Saved data entries:
%%
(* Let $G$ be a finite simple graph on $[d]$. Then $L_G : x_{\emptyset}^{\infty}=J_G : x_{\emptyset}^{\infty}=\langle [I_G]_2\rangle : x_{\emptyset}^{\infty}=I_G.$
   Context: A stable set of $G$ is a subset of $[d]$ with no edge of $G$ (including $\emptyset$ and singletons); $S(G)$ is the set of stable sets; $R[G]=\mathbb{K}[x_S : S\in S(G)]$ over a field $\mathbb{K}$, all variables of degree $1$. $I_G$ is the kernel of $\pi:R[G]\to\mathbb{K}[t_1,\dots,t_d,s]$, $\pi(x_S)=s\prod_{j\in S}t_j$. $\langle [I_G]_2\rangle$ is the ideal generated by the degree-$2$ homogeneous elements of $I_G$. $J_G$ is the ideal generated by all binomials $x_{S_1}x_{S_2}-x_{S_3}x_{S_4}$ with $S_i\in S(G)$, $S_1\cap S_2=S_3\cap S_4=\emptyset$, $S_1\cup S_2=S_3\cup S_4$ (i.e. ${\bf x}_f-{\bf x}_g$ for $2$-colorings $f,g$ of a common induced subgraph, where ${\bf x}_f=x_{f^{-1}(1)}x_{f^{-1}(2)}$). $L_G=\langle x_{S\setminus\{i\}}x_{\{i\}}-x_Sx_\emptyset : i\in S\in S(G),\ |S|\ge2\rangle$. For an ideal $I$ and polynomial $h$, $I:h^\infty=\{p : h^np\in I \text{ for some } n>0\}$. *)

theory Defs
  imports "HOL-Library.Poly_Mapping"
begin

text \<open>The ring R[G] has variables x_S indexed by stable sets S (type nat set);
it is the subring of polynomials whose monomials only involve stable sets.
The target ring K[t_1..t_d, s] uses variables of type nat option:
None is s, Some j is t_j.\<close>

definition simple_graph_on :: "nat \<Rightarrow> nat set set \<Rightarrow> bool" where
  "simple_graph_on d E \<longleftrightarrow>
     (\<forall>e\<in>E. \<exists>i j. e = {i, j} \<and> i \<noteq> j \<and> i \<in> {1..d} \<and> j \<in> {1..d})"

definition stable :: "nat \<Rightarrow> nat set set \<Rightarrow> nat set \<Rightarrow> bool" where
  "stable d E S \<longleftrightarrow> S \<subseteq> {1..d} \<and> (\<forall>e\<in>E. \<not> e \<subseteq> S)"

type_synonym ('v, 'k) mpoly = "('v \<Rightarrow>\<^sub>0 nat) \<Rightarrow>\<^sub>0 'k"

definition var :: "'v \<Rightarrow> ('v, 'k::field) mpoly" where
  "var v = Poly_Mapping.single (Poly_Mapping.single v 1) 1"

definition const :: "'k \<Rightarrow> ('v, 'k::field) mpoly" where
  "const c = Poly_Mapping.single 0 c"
%%
%%
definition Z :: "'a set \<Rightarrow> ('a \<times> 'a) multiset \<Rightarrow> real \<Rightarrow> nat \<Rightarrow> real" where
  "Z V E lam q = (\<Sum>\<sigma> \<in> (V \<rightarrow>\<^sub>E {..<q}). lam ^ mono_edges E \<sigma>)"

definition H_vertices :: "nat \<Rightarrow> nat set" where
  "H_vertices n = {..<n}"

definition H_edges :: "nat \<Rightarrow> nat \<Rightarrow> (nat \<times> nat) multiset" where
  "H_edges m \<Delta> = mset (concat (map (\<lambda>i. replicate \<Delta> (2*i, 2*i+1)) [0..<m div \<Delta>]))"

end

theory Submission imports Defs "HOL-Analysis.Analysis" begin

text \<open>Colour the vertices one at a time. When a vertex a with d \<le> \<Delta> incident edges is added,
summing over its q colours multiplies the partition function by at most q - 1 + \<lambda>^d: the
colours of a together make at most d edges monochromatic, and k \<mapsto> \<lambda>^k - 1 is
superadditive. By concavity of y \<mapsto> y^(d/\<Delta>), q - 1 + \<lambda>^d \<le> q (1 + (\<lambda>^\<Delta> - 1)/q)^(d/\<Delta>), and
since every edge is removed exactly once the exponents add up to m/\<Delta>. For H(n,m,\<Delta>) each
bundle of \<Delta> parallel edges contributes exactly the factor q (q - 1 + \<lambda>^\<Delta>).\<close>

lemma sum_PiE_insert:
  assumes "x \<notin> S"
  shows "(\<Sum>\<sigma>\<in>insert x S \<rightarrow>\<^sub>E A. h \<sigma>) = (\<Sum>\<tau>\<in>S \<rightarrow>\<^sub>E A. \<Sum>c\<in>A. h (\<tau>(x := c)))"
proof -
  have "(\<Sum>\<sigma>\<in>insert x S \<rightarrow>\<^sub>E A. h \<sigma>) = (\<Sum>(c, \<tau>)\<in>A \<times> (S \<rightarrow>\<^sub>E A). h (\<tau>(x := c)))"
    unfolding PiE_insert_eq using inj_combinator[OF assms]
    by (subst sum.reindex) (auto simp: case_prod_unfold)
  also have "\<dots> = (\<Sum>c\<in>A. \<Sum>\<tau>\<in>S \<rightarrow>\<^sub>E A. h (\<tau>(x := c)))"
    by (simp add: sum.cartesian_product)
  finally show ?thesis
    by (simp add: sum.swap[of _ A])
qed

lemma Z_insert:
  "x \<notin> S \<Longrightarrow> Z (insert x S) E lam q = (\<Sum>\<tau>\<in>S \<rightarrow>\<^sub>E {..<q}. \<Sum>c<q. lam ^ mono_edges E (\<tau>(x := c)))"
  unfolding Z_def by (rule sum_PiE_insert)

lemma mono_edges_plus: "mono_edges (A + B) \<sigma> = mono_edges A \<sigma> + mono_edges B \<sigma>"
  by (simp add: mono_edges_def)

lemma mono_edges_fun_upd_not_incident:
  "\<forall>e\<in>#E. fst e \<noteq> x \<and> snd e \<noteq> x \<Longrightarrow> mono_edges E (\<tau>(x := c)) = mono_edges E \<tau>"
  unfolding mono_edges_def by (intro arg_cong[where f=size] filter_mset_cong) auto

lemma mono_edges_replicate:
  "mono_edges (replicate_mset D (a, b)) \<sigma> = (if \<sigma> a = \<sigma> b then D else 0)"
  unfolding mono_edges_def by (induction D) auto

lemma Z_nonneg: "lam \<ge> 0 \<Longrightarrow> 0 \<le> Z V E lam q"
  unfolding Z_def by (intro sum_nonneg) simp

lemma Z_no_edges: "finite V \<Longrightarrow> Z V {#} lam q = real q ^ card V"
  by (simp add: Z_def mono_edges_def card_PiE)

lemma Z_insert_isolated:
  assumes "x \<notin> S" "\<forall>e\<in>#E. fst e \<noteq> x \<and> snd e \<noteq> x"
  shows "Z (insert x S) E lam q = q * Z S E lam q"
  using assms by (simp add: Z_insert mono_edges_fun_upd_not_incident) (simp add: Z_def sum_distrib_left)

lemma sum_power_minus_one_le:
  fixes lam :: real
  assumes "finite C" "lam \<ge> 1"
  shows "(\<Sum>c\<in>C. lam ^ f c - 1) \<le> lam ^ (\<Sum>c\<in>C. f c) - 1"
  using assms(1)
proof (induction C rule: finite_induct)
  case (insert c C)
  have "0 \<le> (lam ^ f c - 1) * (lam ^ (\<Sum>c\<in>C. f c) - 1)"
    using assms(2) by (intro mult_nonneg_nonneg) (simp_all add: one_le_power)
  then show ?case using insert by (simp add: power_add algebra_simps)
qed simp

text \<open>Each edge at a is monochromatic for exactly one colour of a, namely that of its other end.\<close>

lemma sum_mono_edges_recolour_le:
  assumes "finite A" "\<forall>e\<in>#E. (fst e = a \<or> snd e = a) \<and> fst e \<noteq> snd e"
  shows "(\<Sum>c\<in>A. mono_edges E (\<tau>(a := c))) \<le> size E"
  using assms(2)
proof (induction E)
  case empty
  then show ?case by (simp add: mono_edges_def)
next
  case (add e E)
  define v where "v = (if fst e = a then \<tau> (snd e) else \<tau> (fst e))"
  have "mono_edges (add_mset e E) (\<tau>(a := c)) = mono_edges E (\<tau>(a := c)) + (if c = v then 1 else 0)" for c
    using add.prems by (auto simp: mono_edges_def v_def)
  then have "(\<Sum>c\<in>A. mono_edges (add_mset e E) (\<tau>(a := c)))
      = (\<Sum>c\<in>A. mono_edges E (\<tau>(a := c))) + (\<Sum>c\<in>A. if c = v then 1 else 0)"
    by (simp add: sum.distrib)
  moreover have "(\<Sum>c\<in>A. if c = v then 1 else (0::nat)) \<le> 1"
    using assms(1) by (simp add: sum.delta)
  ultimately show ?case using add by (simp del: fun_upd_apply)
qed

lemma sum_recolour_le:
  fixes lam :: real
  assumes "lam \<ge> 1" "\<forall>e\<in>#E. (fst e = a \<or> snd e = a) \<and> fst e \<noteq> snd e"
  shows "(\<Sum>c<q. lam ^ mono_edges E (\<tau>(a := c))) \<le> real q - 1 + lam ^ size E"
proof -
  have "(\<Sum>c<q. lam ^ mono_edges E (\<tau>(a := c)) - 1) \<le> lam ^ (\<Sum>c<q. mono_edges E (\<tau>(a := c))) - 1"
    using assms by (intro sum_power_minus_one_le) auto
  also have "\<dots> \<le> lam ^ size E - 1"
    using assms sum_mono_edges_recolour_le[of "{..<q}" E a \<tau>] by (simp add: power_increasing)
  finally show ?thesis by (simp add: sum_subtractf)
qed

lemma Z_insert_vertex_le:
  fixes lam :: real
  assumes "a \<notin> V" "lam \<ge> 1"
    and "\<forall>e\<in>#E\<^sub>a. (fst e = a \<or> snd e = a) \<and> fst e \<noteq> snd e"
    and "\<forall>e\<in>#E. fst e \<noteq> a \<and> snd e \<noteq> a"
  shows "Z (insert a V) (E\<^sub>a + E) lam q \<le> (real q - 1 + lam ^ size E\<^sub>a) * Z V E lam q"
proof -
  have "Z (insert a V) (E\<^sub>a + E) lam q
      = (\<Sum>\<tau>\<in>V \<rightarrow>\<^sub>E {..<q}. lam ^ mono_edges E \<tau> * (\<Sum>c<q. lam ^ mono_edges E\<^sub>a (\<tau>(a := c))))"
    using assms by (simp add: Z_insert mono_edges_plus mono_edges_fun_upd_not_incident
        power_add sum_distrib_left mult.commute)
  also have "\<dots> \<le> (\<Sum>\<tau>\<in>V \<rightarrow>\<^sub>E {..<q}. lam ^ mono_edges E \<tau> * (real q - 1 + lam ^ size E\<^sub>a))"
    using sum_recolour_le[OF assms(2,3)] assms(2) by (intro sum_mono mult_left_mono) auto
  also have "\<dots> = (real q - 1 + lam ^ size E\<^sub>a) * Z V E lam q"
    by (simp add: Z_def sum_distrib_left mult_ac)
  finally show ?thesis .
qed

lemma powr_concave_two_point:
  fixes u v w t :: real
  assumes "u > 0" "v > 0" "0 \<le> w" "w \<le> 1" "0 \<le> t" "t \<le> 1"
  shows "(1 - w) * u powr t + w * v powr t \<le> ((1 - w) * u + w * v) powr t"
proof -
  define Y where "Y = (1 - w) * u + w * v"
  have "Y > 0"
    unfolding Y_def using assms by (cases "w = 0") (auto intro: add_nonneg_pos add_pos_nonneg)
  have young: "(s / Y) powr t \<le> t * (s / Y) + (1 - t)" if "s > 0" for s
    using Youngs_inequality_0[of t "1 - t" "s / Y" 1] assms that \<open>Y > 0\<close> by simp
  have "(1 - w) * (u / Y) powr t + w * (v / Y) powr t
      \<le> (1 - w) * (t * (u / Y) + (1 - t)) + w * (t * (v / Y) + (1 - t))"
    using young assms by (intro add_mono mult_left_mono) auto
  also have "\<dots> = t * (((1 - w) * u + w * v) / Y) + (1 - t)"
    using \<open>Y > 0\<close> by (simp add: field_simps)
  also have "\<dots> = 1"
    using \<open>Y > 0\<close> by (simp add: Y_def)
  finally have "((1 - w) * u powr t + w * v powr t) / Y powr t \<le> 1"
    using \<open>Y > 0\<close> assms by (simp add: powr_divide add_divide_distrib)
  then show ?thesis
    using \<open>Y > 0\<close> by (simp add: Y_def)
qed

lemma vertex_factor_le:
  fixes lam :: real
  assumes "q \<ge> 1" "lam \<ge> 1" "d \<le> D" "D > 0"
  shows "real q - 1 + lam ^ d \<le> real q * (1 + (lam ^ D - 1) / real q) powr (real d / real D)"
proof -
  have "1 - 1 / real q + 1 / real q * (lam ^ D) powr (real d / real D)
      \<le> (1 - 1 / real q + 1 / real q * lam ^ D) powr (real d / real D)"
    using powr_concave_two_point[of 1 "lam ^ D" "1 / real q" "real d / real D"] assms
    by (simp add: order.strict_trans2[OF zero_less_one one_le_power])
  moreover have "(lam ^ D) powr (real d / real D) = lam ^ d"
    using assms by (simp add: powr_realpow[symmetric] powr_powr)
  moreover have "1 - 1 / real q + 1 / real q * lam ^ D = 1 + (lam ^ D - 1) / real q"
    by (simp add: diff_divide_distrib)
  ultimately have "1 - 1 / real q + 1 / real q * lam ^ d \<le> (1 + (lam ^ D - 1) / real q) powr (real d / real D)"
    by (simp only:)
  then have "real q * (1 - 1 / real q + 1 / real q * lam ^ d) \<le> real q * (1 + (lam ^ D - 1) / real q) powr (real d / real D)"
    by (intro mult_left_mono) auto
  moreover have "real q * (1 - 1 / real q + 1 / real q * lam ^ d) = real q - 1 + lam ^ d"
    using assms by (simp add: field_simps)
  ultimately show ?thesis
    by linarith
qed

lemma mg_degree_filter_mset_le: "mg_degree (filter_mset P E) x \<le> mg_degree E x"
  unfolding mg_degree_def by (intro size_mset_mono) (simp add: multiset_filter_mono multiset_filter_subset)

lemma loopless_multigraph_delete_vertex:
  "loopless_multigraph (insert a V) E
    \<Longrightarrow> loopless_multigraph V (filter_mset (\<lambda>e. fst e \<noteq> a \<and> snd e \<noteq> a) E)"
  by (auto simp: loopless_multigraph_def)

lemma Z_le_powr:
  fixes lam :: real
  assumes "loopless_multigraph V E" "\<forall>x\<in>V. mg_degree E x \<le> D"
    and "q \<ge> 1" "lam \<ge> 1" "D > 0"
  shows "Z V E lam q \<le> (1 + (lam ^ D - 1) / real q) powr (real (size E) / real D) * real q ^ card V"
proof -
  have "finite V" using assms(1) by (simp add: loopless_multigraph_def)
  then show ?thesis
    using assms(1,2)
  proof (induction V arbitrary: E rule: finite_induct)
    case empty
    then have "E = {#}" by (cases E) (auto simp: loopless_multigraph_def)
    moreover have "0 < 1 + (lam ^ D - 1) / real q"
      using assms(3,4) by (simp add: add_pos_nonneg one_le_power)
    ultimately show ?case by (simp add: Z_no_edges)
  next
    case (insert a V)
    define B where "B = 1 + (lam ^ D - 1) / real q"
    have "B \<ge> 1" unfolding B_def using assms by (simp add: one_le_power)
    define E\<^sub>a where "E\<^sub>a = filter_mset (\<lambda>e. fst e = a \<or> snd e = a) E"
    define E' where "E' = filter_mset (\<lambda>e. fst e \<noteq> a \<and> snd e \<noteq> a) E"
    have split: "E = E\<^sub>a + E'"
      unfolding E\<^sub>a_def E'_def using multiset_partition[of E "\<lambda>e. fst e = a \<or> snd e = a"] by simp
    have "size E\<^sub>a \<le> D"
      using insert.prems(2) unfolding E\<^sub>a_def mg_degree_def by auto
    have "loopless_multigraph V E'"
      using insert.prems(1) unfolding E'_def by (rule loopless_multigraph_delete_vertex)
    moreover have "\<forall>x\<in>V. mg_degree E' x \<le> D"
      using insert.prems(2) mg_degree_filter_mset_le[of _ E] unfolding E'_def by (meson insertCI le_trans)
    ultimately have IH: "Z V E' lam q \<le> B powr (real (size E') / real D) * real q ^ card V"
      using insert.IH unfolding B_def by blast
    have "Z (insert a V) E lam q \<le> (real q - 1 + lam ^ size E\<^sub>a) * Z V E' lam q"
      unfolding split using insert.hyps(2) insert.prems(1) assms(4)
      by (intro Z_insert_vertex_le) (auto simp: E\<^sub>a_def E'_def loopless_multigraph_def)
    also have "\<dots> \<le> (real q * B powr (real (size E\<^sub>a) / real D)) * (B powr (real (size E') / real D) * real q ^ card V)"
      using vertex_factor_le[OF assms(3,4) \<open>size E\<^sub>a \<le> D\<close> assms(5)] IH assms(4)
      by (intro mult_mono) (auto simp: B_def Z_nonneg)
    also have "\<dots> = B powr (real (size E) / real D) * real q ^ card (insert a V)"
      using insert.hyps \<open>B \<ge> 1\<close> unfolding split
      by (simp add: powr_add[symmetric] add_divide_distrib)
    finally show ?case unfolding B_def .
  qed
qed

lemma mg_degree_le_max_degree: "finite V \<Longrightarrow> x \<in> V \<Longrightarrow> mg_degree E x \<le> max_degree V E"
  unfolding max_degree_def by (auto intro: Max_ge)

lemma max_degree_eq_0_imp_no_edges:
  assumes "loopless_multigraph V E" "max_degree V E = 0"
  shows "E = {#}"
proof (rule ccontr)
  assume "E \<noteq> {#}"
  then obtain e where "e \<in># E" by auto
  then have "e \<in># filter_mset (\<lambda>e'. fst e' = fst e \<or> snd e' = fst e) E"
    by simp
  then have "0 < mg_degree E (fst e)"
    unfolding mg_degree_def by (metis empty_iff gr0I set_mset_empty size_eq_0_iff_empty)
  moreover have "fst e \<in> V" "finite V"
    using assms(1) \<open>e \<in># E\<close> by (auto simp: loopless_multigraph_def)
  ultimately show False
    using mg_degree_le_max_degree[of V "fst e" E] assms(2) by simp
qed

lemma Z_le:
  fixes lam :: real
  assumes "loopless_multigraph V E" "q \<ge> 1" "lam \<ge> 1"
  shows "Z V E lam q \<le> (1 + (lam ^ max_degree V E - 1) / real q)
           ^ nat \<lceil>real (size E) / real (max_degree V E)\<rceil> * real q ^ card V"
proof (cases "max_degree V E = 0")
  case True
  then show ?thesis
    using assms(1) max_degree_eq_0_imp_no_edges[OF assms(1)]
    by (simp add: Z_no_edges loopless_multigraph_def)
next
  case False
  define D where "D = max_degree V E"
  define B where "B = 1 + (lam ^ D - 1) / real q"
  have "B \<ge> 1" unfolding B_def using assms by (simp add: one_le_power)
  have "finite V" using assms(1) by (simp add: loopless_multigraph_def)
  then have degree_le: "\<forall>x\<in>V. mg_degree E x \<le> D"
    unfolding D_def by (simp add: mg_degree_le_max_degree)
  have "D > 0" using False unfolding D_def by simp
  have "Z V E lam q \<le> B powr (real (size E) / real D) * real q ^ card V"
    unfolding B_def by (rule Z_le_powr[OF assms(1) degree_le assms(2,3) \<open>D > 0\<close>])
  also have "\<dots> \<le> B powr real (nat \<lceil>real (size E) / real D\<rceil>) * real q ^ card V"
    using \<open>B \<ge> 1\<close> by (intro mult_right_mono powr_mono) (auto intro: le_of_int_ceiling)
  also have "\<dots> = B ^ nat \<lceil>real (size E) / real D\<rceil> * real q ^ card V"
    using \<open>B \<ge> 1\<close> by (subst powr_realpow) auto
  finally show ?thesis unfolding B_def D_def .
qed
%%
GOAL OF THE EXERCISE: Return only the number of lines in the entries above that contain the word "rule".

ANSWER SPACE: 6